ということで、初級者達の役目はしっかり逃げ回りながら、相手チームに嫌がらせをすることだ。
『ひええ! 銃持った人が追ってくる! 殺されちゃう!』
というわけで、初心者筆頭の葵は悲鳴を上げながらフィールドをかけまわるのだ。
『バイオレットさん落ち着いて! そういうゲームだから! おちついて!』
チームメイトの上級者が通話でアドバイスをしてくれる。
『お、おちんち――っ!?』
『バイオレットさん!? 全力でおちついて! BANされちゃう!』
小学生男子かな?
『はい! おちつきました!』
『体育座りモーションしてって意味じゃないよ!? 初心者なのに、わざわざショートカットに設定したの!?』
『ああ! やられました!』
『そりゃそうだ!』
『大丈夫! やられたことでゲージがたまりました!』
『そんなシステムないよ!?』
『心のゲージがたまったんです!』
『いらついてるだけでは……?』
葵はチームメイトに多大な迷惑をかけながらも、配信を盛り上げていた。
彼女なりに真剣なプレイをしていることは、一緒に練習したオレにはわかる。
まともに走ることすらできていなかったところからのスタートなのだ。
短い期間でがんばったと言えるだろう。
しかし、普段彼女の配信を見に来ない視聴者からは『大会なのにふざけている』と映ったようだ。
心ないコメントもかなり見られた。
『うぅ……ごめんなさいー!』
かなり凹んでいるだろうにテンションを下げないよう、葵は必死に大きな声を出す。
これまでのミスを挽回するように前へと出るが、そんな行動は上級者からすればカモだ。
あっさりスナイプされてしまう。
ヘッドショットされてもおかしくないタイミングだったが、走り方がふらふらしているおかげで大ダメージを受けるだけですんだ。

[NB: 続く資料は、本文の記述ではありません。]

text \<open>
  The effective gain of a user at \<open>(r, \<theta>)\<close> with fading coefficient \<open>a\<close> is
  \<open>|a|^2 F_M(pi (\<theta>b - \<theta>)) / (1 + r^\<alpha>)\<close>: the inner product of two steering vectors is a
  geometric sum whose squared modulus is the Fejer kernel. Given the position, \<open>|a|^2\<close> is
  exponential, so integrating its distribution function against the position density shows that
  the unordered gains are i.i.d. with distribution function \<open>F\<close> (= \<open>Fpi\<close>).

  The \<open>k\<close>-th smallest gain is at most \<open>y\<close> iff at least \<open>k\<close> of the \<open>K\<close> gains are, so its
  distribution function is the binomial tail \<open>\<Sum>m=k..K. (K choose m) F^m (1 - F)^(K - m)\<close>. This is
  the paper's closed form \<open>order_cdf_sum\<close>: both vanish at \<open>F = 0\<close> and have derivative
  \<open>c_k F^(k - 1) (1 - F)^(K - k)\<close>.

  Finally both outage events are threshold events for a single ordered gain: user \<open>j\<close> decodes
  both messages iff \<open>\<beta>i^2 > \<beta>j^2 \<epsilon>i\<close> and its gain exceeds \<open>\<eta>j\<close>, and in that case user
  \<open>i\<close> is in outage iff its gain is below \<open>\<eta>i\<close>.
\<close>

lemma coef_eq_binomial:
  assumes "1 \<le> k" "k \<le> K"
  shows "coef K k = real (K choose k) * real k"
proof -
  have "(fact k :: real) = real k * fact (k - 1)"
    using assms by (simp add: fact_reduce)
  then show ?thesis
    using assms by (simp add: coef_def binomial_fact)
qed

lemma coef_Suc_eq_binomial:
  assumes "k < K"
  shows "coef K (Suc k) = real (K choose k) * real (K - k)"
proof -
  have "(fact (K - k) :: real) = real (K - k) * fact (K - Suc k)"
    using assms by (simp add: fact_reduce)
  then show ?thesis
    using assms by (simp add: coef_def binomial_fact)
qed

definition binomial_tail :: "nat \<Rightarrow> nat \<Rightarrow> real \<Rightarrow> real" where
  "binomial_tail K k p = (\<Sum>m=k..K. real (K choose m) * p ^ m * (1 - p) ^ (K - m))"

lemma binomial_tail_has_derivative:
  assumes "1 \<le> k" "k \<le> K"
  shows "(binomial_tail K k has_real_derivative coef K k * p ^ (k - 1) * (1 - p) ^ (K - k)) (at p)"
  using assms
proof (induction "K - k" arbitrary: k)
  case 0
  then have "k = K"
    by simp
  then have "binomial_tail K k = (\<lambda>p. p ^ K)" "coef K k = real K"
    using coef_eq_binomial[OF 0(2,3)] by (auto simp: binomial_tail_def)
  then show ?case
    using DERIV_pow[of K p] \<open>k = K\<close> by simp
next
  case (Suc d)
  then have "k < K"
    by simp
  have split: "binomial_tail K k = (\<lambda>p. real (K choose k) * p ^ k * (1 - p) ^ (K - k) + binomial_tail K (Suc k) p)"
    using \<open>k < K\<close> by (intro ext) (simp add: binomial_tail_def sum.atLeast_Suc_atMost)
  have head: "((\<lambda>p. real (K choose k) * p ^ k * (1 - p) ^ (K - k)) has_real_derivative
      real (K choose k) * (real k * p ^ (k - 1) * (1 - p) ^ (K - k) - real (K - k) * p ^ k * (1 - p) ^ (K - Suc k))) (at p)"
    by (auto intro!: derivative_eq_intros simp: algebra_simps)
  have tail: "(binomial_tail K (Suc k) has_real_derivative
      real (K choose k) * real (K - k) * p ^ k * (1 - p) ^ (K - Suc k)) (at p)"
    using Suc.hyps(1)[of "Suc k"] Suc.hyps(2) \<open>k < K\<close> coef_Suc_eq_binomial[OF \<open>k < K\<close>] by simp
  show ?case
    unfolding split using DERIV_add[OF head tail] coef_eq_binomial[OF Suc.prems]
    by (simp add: algebra_simps)
qed

lemma order_cdf_sum_has_derivative:
  assumes "1 \<le> k"
  shows "(order_cdf_sum K k has_real_derivative coef K k * p ^ (k - 1) * (1 - p) ^ (K - k)) (at p)"
proof -
  define n where "n = K - k"
  have summand: "((\<lambda>p. real (n choose q) * (-1) ^ q * p ^ (k + q) / real (k + q)) has_real_derivative
      p ^ (k - 1) * (real (n choose q) * (- p) ^ q * 1 ^ (n - q))) (at p)" for q
  proof -
    have "real (k + q) \<noteq> 0" "p ^ (k + q - 1) = p ^ (k - 1) * p ^ q"
      using assms by (simp_all add: power_add[symmetric])
    then have "real (n choose q) * (-1) ^ q * (real (k + q) * p ^ (k + q - 1)) / real (k + q)
        = p ^ (k - 1) * (real (n choose q) * (- p) ^ q * 1 ^ (n - q))"
      by (simp add: power_minus[of p])
    then show ?thesis
      using DERIV_cdivide[OF DERIV_cmult[OF DERIV_pow[of "k + q" p]], of "real (n choose q) * (-1) ^ q" "real (k + q)"]
      by simp
  qed
  have "((\<lambda>p. \<Sum>q\<le>n. real (n choose q) * (-1) ^ q * p ^ (k + q) / real (k + q)) has_real_derivative
      (\<Sum>q\<le>n. p ^ (k - 1) * (real (n choose q) * (- p) ^ q * 1 ^ (n - q)))) (at p)"
    by (intro DERIV_sum summand)
  also have "(\<Sum>q\<le>n. p ^ (k - 1) * (real (n choose q) * (- p) ^ q * 1 ^ (n - q))) = p ^ (k - 1) * (1 - p) ^ n"
    using binomial_ring[of "- p" 1 n] by (simp add: sum_distrib_left[symmetric])
  finally have "((\<lambda>p. \<Sum>q\<le>n. real (n choose q) * (-1) ^ q * p ^ (k + q) / real (k + q)) has_real_derivative
      p ^ (k - 1) * (1 - p) ^ n) (at p)" .
  then show ?thesis
    using DERIV_cmult[where c = "coef K k"] unfolding order_cdf_sum_def n_def
    by (simp add: atLeast0AtMost mult.assoc)
qed

lemma binomial_tail_eq_order_cdf_sum:
  assumes "1 \<le> k" "k \<le> K"
  shows "binomial_tail K k p = order_cdf_sum K k p"
proof -
  have "\<forall>x. ((\<lambda>p. binomial_tail K k p - order_cdf_sum K k p) has_real_derivative 0) (at x)"
    using DERIV_diff[OF binomial_tail_has_derivative[OF assms] order_cdf_sum_has_derivative[OF assms(1), of K]]
    by simp
  then have "binomial_tail K k p - order_cdf_sum K k p = binomial_tail K k 0 - order_cdf_sum K k 0"
    by (rule DERIV_isconst_all)
  moreover have "binomial_tail K k 0 = 0" "order_cdf_sum K k 0 = 0"
    using assms by (auto simp: binomial_tail_def order_cdf_sum_def intro!: sum.neutral)
  ultimately show ?thesis
    by simp
qed

lemma sorted_nth_iff_length_filter:
  fixes s :: "'a::linorder list"
  assumes "sorted s" "1 \<le> k" "k \<le> length s"
    and down: "\<And>x x'. x \<le> x' \<Longrightarrow> P x' \<Longrightarrow> P x"
  shows "P (s ! (k - 1)) \<longleftrightarrow> k \<le> length (filter P s)"
proof -
  let ?S = "{i. i < length s \<and> P (s ! i)}"
  have card: "length (filter P s) = card ?S"
    by (rule length_filter_conv_card)
  show ?thesis
  proof
    assume top: "P (s ! (k - 1))"
    have "P (s ! i)" if "i < k" for i
      using that assms(1-3) by (intro down[OF _ top] sorted_nth_mono) auto
    then have "{..<k} \<subseteq> ?S"
      using assms(3) by auto
    then show "k \<le> length (filter P s)"
      unfolding card using card_mono[of ?S "{..<k}"] by simp
  next
    assume k: "k \<le> length (filter P s)"
    show "P (s ! (k - 1))"
    proof (rule ccontr)
      assume bot: "\<not> P (s ! (k - 1))"
      have "i < k - 1" if "i < length s" "P (s ! i)" for i
        using that assms(1) down[OF sorted_nth_mono[of s "k - 1" i]] bot by force
      then have "?S \<subseteq> {..<k - 1}"
        by auto
      then show False
        using k assms(2) unfolding card using card_mono[of "{..<k - 1}" ?S] by simp
    qed
  qed
qed

lemma ord_stat_iff_card:
  assumes "1 \<le> k" "k \<le> K"
    and down: "\<And>x x'. x \<le> x' \<Longrightarrow> P x' \<Longrightarrow> P x"
  shows "P (ord_stat K g k) \<longleftrightarrow> k \<le> card {l. l < K \<and> P (g l)}"
proof -
  have "P (ord_stat K g k) \<longleftrightarrow> k \<le> length (filter P (sort (map g [0..<K])))"
    unfolding ord_stat_def using assms by (intro sorted_nth_iff_length_filter) auto
  also have "length (filter P (sort (map g [0..<K]))) = card {l. l < K \<and> P (g l)}"
    by (simp add: filter_sort length_filter_conv_card cong: conj_cong)
  finally show ?thesis .
qed

lemma ord_stat_in_image:
  assumes "1 \<le> k" "k \<le> K"
  shows "ord_stat K g k \<in> g ` {..<K}"
proof -
  have "ord_stat K g k \<in> set (sort (map g [0..<K]))"
    unfolding ord_stat_def using assms by (intro nth_mem) simp
  then show ?thesis
    by auto
qed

ここで葵が一方的にキルされると、チームの負けがほぼ確定する場面だ。
『あわわわわ……』
慌てた葵が操作をミスし、体育座りモーションを出してしまう。
その頭上を、スナイパーライフルの弾が通過していく。
『ひゃー! 助かった!』
[あっぶねー]
[さすがバーさん、持ってる]
『いったん引いて!』
『は、はい!』
チームメンバーの指示で反転しようとする葵だったが、足をすべらせ、塹壕に落ちてしまう。
そんなことある!?
『あわわわわわ!』
ミスが重なってよほど慌てたのだろう。葵の放送から、ガチャガチャとコントローラーを連打する音が聞こえてくる。
『バイオレットさん落ち着いて!』
『はい!』
チームメイトの声かけに葵が良いお返事で返した瞬間――
葵を中心に爆発が起きた。
『ぎゃー! ごめんなさーい! ダイナマイトがー!』
『なんでそんなネタ武器を持って――え? キル1? 塹壕に敵がいた!? チャンス!』
『ラッキー! じゃない……狙い通りですよ!』
[おおお。これはラッキー]
[狙った……わけないよね]
まさかこんなところでダイナマイトが役立つとは思わなかったな。
意図しない活躍ながらも、このバトルは葵達のチームが勝利した。
そんな面白活躍シーンがありつつも、葵のチームは決勝には進出できず、彼女自身の成績は全プレイヤーの中で最下位だった。
それでも、イベント自体はかなり盛り上がっていた。
オレもいつの間にか勉強の手を止め、葵を必死で応援してしまっていた。
配信が終わり、葵を労おうと待つが、一向に出てくる気配がない。
ノックをしてみるが、返事もない。
防音室だけにノックの音が聞こえないのかもしれない。
中でまだ他の人と通話をしているのかもしれない。
そうであれば、大きなノックの音はマズい。
オレは音が立たないように、そっとドアを開けた。
入口からは葵の背中とPCのモニターが見える。
通話中ではないようだが、葵の肩が小さく震えている。